Top of Records for the exercise

lemma rot_men: "rot n ` men n = women n"
proof
  show "rot n ` men n \<subseteq> women n"
    by (auto simp: women_def men_def rot_def)
  show "women n \<subseteq> rot n ` men n"
  proof
    fix w
    assume w: "w \<in> women n"
    have "w = rot n (if w = 1 then 2 * n else w - 1 + n)"
      and "(if w = 1 then 2 * n else w - 1 + n) \<in> men n"
      using w by (auto simp: women_def men_def rot_def)
    then show "w \<in> rot n ` men n"
      by blast
  qed
qed

lemma rot_permutes: "rot n permutes agents n"
proof (rule bij_imp_permutes)
  have "rot n ` agents n = agents n"
    unfolding agents_def image_Un rot_women rot_men by blast
  then show "bij_betw (rot n) (agents n) (agents n)"
    using inj_on_subset[OF inj_rot subset_UNIV] by (simp add: bij_betw_def)
qed (rule rot_outside)

lemma rot_Gstar: "rot n \<in> Gstar n"
  using rot_permutes rot_women rot_men by (auto simp: Gstar_def)

lemma seat_dist_rot:
  assumes "z \<in> agents n" and "x \<in> agents n"
  shows "seat_dist n (rot n z) (rot n x) = seat_dist n z x"
  unfolding seat_dist_def seat_rot_mod[OF assms(1)] seat_rot_mod[OF assms(2)]
  using seat_less[OF assms(2)] seat_less[OF assms(1)] by (rule mod_diff_Suc_Suc)

lemma odd_seat_dist_iff:
  assumes "z \<in> agents n" and "x \<in> agents n"
  shows "odd (seat_dist n z x) \<longleftrightarrow> (x \<in> men n \<longleftrightarrow> z \<in> women n)"
proof -
  have "odd (seat_dist n z x) \<longleftrightarrow> odd (seat n x + seat n z)"
    unfolding seat_dist_def using seat_less[OF assms(1)] by (simp add: odd_mod_diff_iff)
  also have "\<dots> \<longleftrightarrow> (x \<in> men n \<longleftrightarrow> z \<in> women n)"
    using even_seat_iff[OF assms(1)] even_seat_iff[OF assms(2)] assms
    by (auto simp: agents_def women_def men_def)
  finally show ?thesis .
qed
(* Let $\sigma>0$, $\rho_1\ge1$, let $\beta_n=\rho_1^n$ for $n\ge0$, and let $\vec\alpha=(\alpha_n)_{n\ge0}$ be a non-negative sequence, not identically zero, with $$\sum_{m=0}^\infty m\,\alpha_m\rho_1^m<\infty.$$ For each $L\ge1$ let $(\gamma^{(L)}_0,\dots,\gamma^{(L)}_L)$ be a random Motzkin path sampled from $\Pr_L$ (defined in the context), and set $\gamma^{(L)}_k:=0$ for $k>L$. Then the family $\{\gamma^{(L)}_L\}_{L\ge1}$ is not tight, and as $L\to\infty$, $$\Big(\{\gamma^{(L)}_k\}_{k\ge0},\ \{\gamma^{(L)}_{L-k}-\gamma^{(L)}_{L-k+1}\}_{k\ge1}\Big)\Rightarrow\Big(\{Z_k\}_{k\ge0},\{\xi_k\}_{k\ge1}\Big)$$ in the sense of convergence of finite-dimensional distributions (for $k>L$ the increments are set to $0$), where: - $\{Z_k\}_{k\ge0}$ is a Markov chain on $\mathbb Z_{\ge0}$ with transition probabilities $\mathsf Q^{(\rho_1)}_{n,m}$ (defined in the context) and initial law $$\Pr(Z_0=n)=\frac{1}{\mathfrak C_{\vec\alpha,\rho_1}}\,\alpha_n\,\frac{\rho_1^{n+1}-\rho_1^{-(n+1)}}{\rho_1-\rho_1^{-1}},\quad n\ge0,\qquad \mathfrak C_{\vec\alpha,\rho_1}=\sum_{n\ge0}\alpha_n\frac{\rho_1^{n+1}-\rho_1^{-(n+1)}}{\rho_1-\rho_1^{-1}},$$ where for $\rho_1=1$ the ratio $\frac{\rho_1^{n+1}-\rho_1^{-(n+1)}}{\rho_1-\rho_1^{-1}}$ is interpreted as $n+1$; - $\{\xi_k\}_{k\ge1}$ are i.i.d. with $\Pr(\xi_1=1)=\frac{1/\rho_1}{\rho_1+1/\rho_1+\sigma}$, $\Pr(\xi_1=0)=\frac{\sigma}{\rho_1+1/\rho_1+\sigma}$, $\Pr(\xi_1=-1)=\frac{\rho_1}{\rho_1+1/\rho_1+\sigma}$; - the two families are independent.
   Context: A Motzkin path of length $L\in\mathbb Z_{\ge1}$ is a sequence $\vec\gamma=(\gamma_0,\dots,\gamma_L)$ of non-negative integers with $|\gamma_k-\gamma_{k-1}|\le1$; $\mathcal M^{(L)}$ is the set of all such paths. Its weight is $w(\vec\gamma)=\sigma^{\#\{k:\ \gamma_k=\gamma_{k-1}\}}$. With boundary weights $\vec\alpha,\vec\beta$, $\mathfrak C_{\vec\alpha,\vec\beta,L}=\sum_{\vec\gamma\in\mathcal M^{(L)}}\alpha_{\gamma_0}\beta_{\gamma_L}w(\vec\gamma)$ (finite under the hypotheses) and $\Pr_L(\vec\gamma)=\alpha_{\gamma_0}\beta_{\gamma_L}w(\vec\gamma)/\mathfrak C_{\vec\alpha,\vec\beta,L}$. Transition kernels: for $\rho>0$, $\rho\neq1$, $$\mathsf Q^{(\rho)}_{n,m}=\frac{1}{\rho+1/\rho+\sigma}\begin{cases}\frac{\rho^{n+2}-\rho^{-(n+2)}}{\rho^{n+1}-\rho^{-(n+1)}}, & m=n+1,\\ \sigma, & m=n,\\ \frac{\rho^{n}-\rho^{-n}}{\rho^{n+1}-\rho^{-(n+1)}}, & m=n-1,\\ 0,&\text{otherwise},\end{cases}$$ and $\mathsf Q^{(1)}_{n,m}$ (the limit as $\rho\to1$) equals $\frac{1}{2+\sigma}\frac{n+2}{n+1}$ if $m=n+1$, $\frac{\sigma}{2+\sigma}$ if $m=n$, $\frac{1}{2+\sigma}\frac{n}{n+1}$ if $m=n-1\ge0$, and $0$ otherwise. *)

theory Defs
  imports "HOL-Analysis.Analysis"
begin

text \<open>A Motzkin path of length L, represented as a function nat => nat which is
  extended by 0 beyond index L (the convention of the paper: gamma_k := 0 for k > L).\<close>
definition motzkin :: "nat \<Rightarrow> (nat \<Rightarrow> nat) \<Rightarrow> bool" where
  "motzkin L \<gamma> \<longleftrightarrow>
     (\<forall>k\<in>{1..L}. \<bar>int (\<gamma> k) - int (\<gamma> (k - 1))\<bar> \<le> 1) \<and> (\<forall>k>L. \<gamma> k = 0)"

definition mweight :: "real \<Rightarrow> nat \<Rightarrow> (nat \<Rightarrow> nat) \<Rightarrow> real" where
  "mweight \<sigma> L \<gamma> = \<sigma> ^ card {k\<in>{1..L}. \<gamma> k = \<gamma> (k - 1)}"

definition pathmass :: "(nat \<Rightarrow> real) \<Rightarrow> (nat \<Rightarrow> real) \<Rightarrow> real \<Rightarrow> nat \<Rightarrow> (nat \<Rightarrow> nat) \<Rightarrow> real" where
  "pathmass \<alpha> \<beta> \<sigma> L \<gamma> = \<alpha> (\<gamma> 0) * \<beta> (\<gamma> L) * mweight \<sigma> L \<gamma>"

definition Cpart :: "(nat \<Rightarrow> real) \<Rightarrow> (nat \<Rightarrow> real) \<Rightarrow> real \<Rightarrow> nat \<Rightarrow> real" where
  "Cpart \<alpha> \<beta> \<sigma> L = infsum (pathmass \<alpha> \<beta> \<sigma> L) {\<gamma>. motzkin L \<gamma>}"

definition PrL :: "(nat \<Rightarrow> real) \<Rightarrow> (nat \<Rightarrow> real) \<Rightarrow> real \<Rightarrow> nat \<Rightarrow> ((nat \<Rightarrow> nat) \<Rightarrow> bool) \<Rightarrow> real" where
  "PrL \<alpha> \<beta> \<sigma> L E =
     infsum (pathmass \<alpha> \<beta> \<sigma> L) {\<gamma>. motzkin L \<gamma> \<and> E \<gamma>} / Cpart \<alpha> \<beta> \<sigma> L"

definition Qker :: "real \<Rightarrow> real \<Rightarrow> nat \<Rightarrow> nat \<Rightarrow> real" where
  "Qker \<rho> \<sigma> n m =
    (if \<rho> = 1 then
       (if m = n + 1 then 1 / (2 + \<sigma>) * ((real n + 2) / (real n + 1))
        else if m = n then \<sigma> / (2 + \<sigma>)
        else if m + 1 = n then 1 / (2 + \<sigma>) * (real n / (real n + 1))
        else 0)
     else
       1 / (\<rho> + 1 / \<rho> + \<sigma>) *
       (if m = n + 1 then (\<rho> ^ (n + 2) - inverse \<rho> ^ (n + 2)) / (\<rho> ^ (n + 1) - inverse \<rho> ^ (n + 1))
        else if m = n then \<sigma>
        else if m + 1 = n then (\<rho> ^ n - inverse \<rho> ^ n) / (\<rho> ^ (n + 1) - inverse \<rho> ^ (n + 1))
        else 0))"

definition hfun :: "real \<Rightarrow> nat \<Rightarrow> real" where
  "hfun \<rho> n = (if \<rho> = 1 then real n + 1
               else (\<rho> ^ (n + 1) - inverse \<rho> ^ (n + 1)) / (\<rho> - inverse \<rho>))"

definition Cinit :: "(nat \<Rightarrow> real) \<Rightarrow> real \<Rightarrow> real" where
  "Cinit \<alpha> \<rho> = infsum (\<lambda>n. \<alpha> n * hfun \<rho> n) UNIV"

definition Z0law :: "(nat \<Rightarrow> real) \<Rightarrow> real \<Rightarrow> nat \<Rightarrow> real" where
  "Z0law \<alpha> \<rho> n = \<alpha> n * hfun \<rho> n / Cinit \<alpha> \<rho>"

definition xilaw :: "real \<Rightarrow> real \<Rightarrow> int \<Rightarrow> real" where
  "xilaw \<rho> \<sigma> x =
     (if x = 1 then 1 / \<rho> else if x = 0 then \<sigma> else if x = -1 then \<rho> else 0)
       / (\<rho> + 1 / \<rho> + \<sigma>)"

Bottom of Records for the exercise

How to complete this task
Give again, word for word, every line from the one holding "infsum (\<lambda>n. \<alpha>" to the end of the data.

Answer box
  "Cinit \<alpha> \<rho> = infsum (\<lambda>n. \<alpha> n * hfun \<rho> n) UNIV"

definition Z0law :: "(nat \<Rightarrow> real) \<Rightarrow> real \<Rightarrow> nat \<Rightarrow> real" where
  "Z0law \<alpha> \<rho> n = \<alpha> n * hfun \<rho> n / Cinit \<alpha> \<rho>"

definition xilaw :: "real \<Rightarrow> real \<Rightarrow> int \<Rightarrow> real" where
  "xilaw \<rho> \<sigma> x =
     (if x = 1 then 1 / \<rho> else if x = 0 then \<sigma> else if x = -1 then \<rho> else 0)
       / (\<rho> + 1 / \<rho> + \<sigma>)"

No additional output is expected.